Summary of Reasons for Omission

Proposal Relates to Personal Grievance (Rule 14a-8(i)(4))

This proposal is merely a further attempt by Mr. Raborn to advance his personal interest in attacking the reputation of Employee and having her employment terminated. Mr. Raborn has a long history of airing his grievance to multiple employees of the Company. This proposal directly relates to his personal grievance and is designed to further a personal interest not shared by shareholders at large.

Proposal Relates to Ordinary Business Matters (Rule 14a-8(i)(7))

Mr.
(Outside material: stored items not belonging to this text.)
lemma total_pos: "0 < total"
  unfolding total_def wsum_def using summable_weight weight_pos by (simp add: suminf_pos)

lemma survival_tail_lower: "(\<Sum>n\<in>{t..<m}. weight n) \<le> wsum (survival t)"
proof -
  have "(\<Sum>n\<in>{t..<m}. weight n) = (\<Sum>n\<in>{t..<m}. weight n * survival t n)"
    by (simp add: survival_far)
  also have "\<dots> \<le> wsum (survival t)"
    unfolding wsum_def using survival_bounds weight_pos
    by (intro sum_le_suminf summable_weighted Bseq_survival)
      (auto intro!: mult_nonneg_nonneg less_imp_le[OF weight_pos] simp: survival_bounds)
  finally show ?thesis .
qed

lemma defect_negligible:
  assumes grows: "filterlim (\<lambda>t. real t * wsum (survival t)) at_top sequentially" and "0 < e"
  shows "eventually (\<lambda>t. wsum (survival t) - wsum (sign_mean t) \<le> e * wsum (survival t)) sequentially"
proof -
  have "eventually (\<lambda>t. 8 * total\<^sup>2 / e \<le> real t * wsum (survival t) \<and> 1 \<le> t) sequentially"
    using grows by (intro eventually_conj) (auto simp: filterlim_at_top)
  then show ?thesis
  proof (rule eventually_mono, clarify)
    fix t :: nat assume big: "8 * total\<^sup>2 / e \<le> real t * wsum (survival t)" and "1 \<le> t"
    have "wsum (survival t) - wsum (sign_mean t) \<le> 8 * total\<^sup>2 / real (Suc t)"
      by (rule defect_decay)
    also have "\<dots> \<le> 8 * total\<^sup>2 / real t"
      using \<open>1 \<le> t\<close> by (intro divide_left_mono) auto
    also have "\<dots> \<le> e * wsum (survival t)"
      using big \<open>0 < e\<close> \<open>1 \<le> t\<close> by (simp add: field_simps)
    finally show "wsum (survival t) - wsum (sign_mean t) \<le> e * wsum (survival t)" .
  qed
qed

end

lemma powr_sequentially_at_top:
  assumes "0 < p" shows "filterlim (\<lambda>t::nat. real t powr p) at_top sequentially"
proof -
  have "filterlim (\<lambda>x::real. exp (p * ln x)) at_top at_top"
    by (rule filterlim_compose[OF exp_at_top filterlim_tendsto_pos_mult_at_top[OF tendsto_const]])
       (simp_all add: ln_at_top assms)
  moreover have "eventually (\<lambda>x::real. exp (p * ln x) = x powr p) at_top"
    using eventually_gt_at_top[of 0] by eventually_elim (simp add: powr_def)
  ultimately have "filterlim (\<lambda>x::real. x powr p) at_top at_top"
    using filterlim_cong by fastforce
  then show ?thesis by (rule filterlim_compose[OF _ filterlim_real_sequentially])
qed

text \<open>The conductances n^-\<beta> of the graph on Z*; summable exactly when \<beta> > 1.\<close>
locale power_walk =
  fixes \<beta> :: real
  assumes beta_gt_1: "1 < \<beta>"

sublocale power_walk \<subseteq> half_line_chain "\<lambda>n. real n powr (-\<beta>)"
  using beta_gt_1 by unfold_locales (simp_all add: summable_real_powr_iff)

context power_walk begin

text \<open>For \<beta> < 2 the weight of [t, 2t) is of order t^(1-\<beta>), so
  t * wsum (survival t) grows like t^(2-\<beta>).\<close>
lemma survival_heavy:
  assumes "\<beta> < 2"
  shows "filterlim (\<lambda>t. real t * wsum (survival t)) at_top sequentially"
proof (rule filterlim_at_top_mono)
  define c where "c = 2 * 2 powr (-\<beta>)"
  show "filterlim (\<lambda>t. c * real t powr (2 - \<beta>)) at_top sequentially"
    using assms by (intro filterlim_tendsto_pos_mult_at_top[OF tendsto_const] powr_sequentially_at_top)
      (auto simp: c_def)
  show "eventually (\<lambda>t. c * real t powr (2 - \<beta>) \<le> real t * wsum (survival t)) sequentially"
  proof (rule eventually_mono[OF eventually_ge_at_top[of 1]])
    fix t :: nat assume "1 \<le> t"
    then have tpos: "0 < real t" by simp
    have "2 * (2 * real t) powr (-\<beta>) \<le> weight n" if "n \<in> {t..<2 * t}" for n
    proof -
      have "(2 * real t) powr (-\<beta>) \<le> real (Suc n) powr (-\<beta>)"
        using that beta_gt_1 by (intro powr_mono2') auto
      then have "(2 * real t) powr (-\<beta>) \<le> real n powr (-\<beta>) + real (Suc n) powr (-\<beta>)"
        by (rule add_increasing[OF powr_ge_zero])
      then show ?thesis by (simp add: weight_def)
    qed
    then have "real t * (2 * (2 * real t) powr (-\<beta>)) \<le> (\<Sum>n\<in>{t..<2 * t}. weight n)"
      using sum_mono[of "{t..<2 * t}" "\<lambda>_. 2 * (2 * real t) powr (-\<beta>)"] by simp
    also have "\<dots> \<le> wsum (survival t)" by (rule survival_tail_lower)
    finally have "real t * (real t * (2 * (2 * real t) powr (-\<beta>))) \<le> real t * wsum (survival t)"
      using tpos by (intro mult_left_mono) auto
    moreover have "real t * (real t * (2 * (2 * real t) powr (-\<beta>))) = c * real t powr (2 - \<beta>)"
      using tpos by (simp add: c_def powr_mult powr_diff powr_minus field_simps power2_eq_square)
    ultimately show "c * real t powr (2 - \<beta>) \<le> real t * wsum (survival t)" by simp
  qed
qed

end

lemma infsum_finite_support:
  fixes f :: "'a \<Rightarrow> real"
  assumes "finite F" and "\<And>y. y \<in> A \<Longrightarrow> y \<notin> F \<Longrightarrow> f y = 0"
  shows "infsum f A = sum f (A \<inter> F)"
proof -
  have "infsum f A = infsum f (A \<inter> F)" by (rule infsum_cong_neutral) (use assms in auto)
  then show ?thesis using assms(1) by simp
qed

lemma bij_uminus_int: "bij_betw uminus (UNIV :: int set) UNIV"
  by (rule bij_betwI[where g = uminus]) auto

lemma cond_uminus: "cond \<beta> (-x) (-y) = cond \<beta> x y"
  unfolding cond_def by (auto simp: sgn_minus abs_minus_commute)

lemma cond_support: "cond \<beta> x y \<noteq> 0 \<Longrightarrow> y \<in> {x - 1, x, x + 1, -x}"
  unfolding cond_def by (auto split: if_splits simp: abs_if)

lemma pi_w_uminus: "pi_w \<beta> (-x) = pi_w \<beta> x"
proof -
  have "pi_w \<beta> (-x) = infsum (\<lambda>y. cond \<beta> (-x) (-y)) UNIV"
    unfolding pi_w_def by (rule infsum_reindex_bij_betw[OF bij_uminus_int, symmetric])
  then show ?thesis by (simp add: cond_uminus pi_w_def)
qed

lemma trans_p_uminus: "trans_p \<beta> (-x) (-y) = trans_p \<beta> x y"
  unfolding trans_p_def by (simp add: cond_uminus pi_w_uminus)

lemma trans_p_support: "trans_p \<beta> x z \<noteq> 0 \<Longrightarrow> \<bar>z\<bar> \<le> \<bar>x\<bar> + 1"
  unfolding trans_p_def using cond_support[of \<beta> x z] by (auto split: if_splits)

lemma trans_pow_support: "trans_pow \<beta> t x y \<noteq> 0 \<Longrightarrow> \<bar>y\<bar> \<le> \<bar>x\<bar> + int t"
proof (induction t arbitrary: x)
  case (Suc t)
  show ?case
  proof (rule ccontr)
    assume far: "\<not> \<bar>y\<bar> \<le> \<bar>x\<bar> + int (Suc t)"
    have "trans_p \<beta> x z * trans_pow \<beta> t z y = 0" for z
      using trans_p_support[of \<beta> x z] Suc.IH[of z] far by force
    then have "trans_pow \<beta> (Suc t) x y = 0" by (simp add: infsum_0)
    then show False using Suc.prems by simp
  qed
qed (simp split: if_splits)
Raborn's proposal relates to the oversight of the workforce (specifically, setting up rules to govern reports of sexual misconduct and to provide for the discipline of employees who have engaged in such conduct). Such issues relate to ordinary business matters and have routinely been excludable from proxy materials.

Proposal is Not a Proper Subject for Action by Shareholders (Rule 14a-8(i)(1))

The proposal mandating the creation of an investigatory committee relates to matters of business policy solely in the purview of the officers and directors under New Jersey law.

Reasons for Omission

Proposal Relates to Personal Grievance of the Shareholder (14a-8(i)(4))

Rule 14a-8(i)(4) provides that a proposal may be omitted if it,

"... relates to the redress of a personal claim or grievance against the company or any other person, or if it is designed to result in a benefit to [the proponent], or to further a personal interest, which is not shared by the other shareholders at large." (emphasis added)

The purpose of the rule, according to the SEC, is to prevent security holders from abusing the shareholder proposal process in order to achieve personal ends that are not necessarily in the common interest of the issuer's shareholders generally. See Release No. 34-20091 (August 16, 1983).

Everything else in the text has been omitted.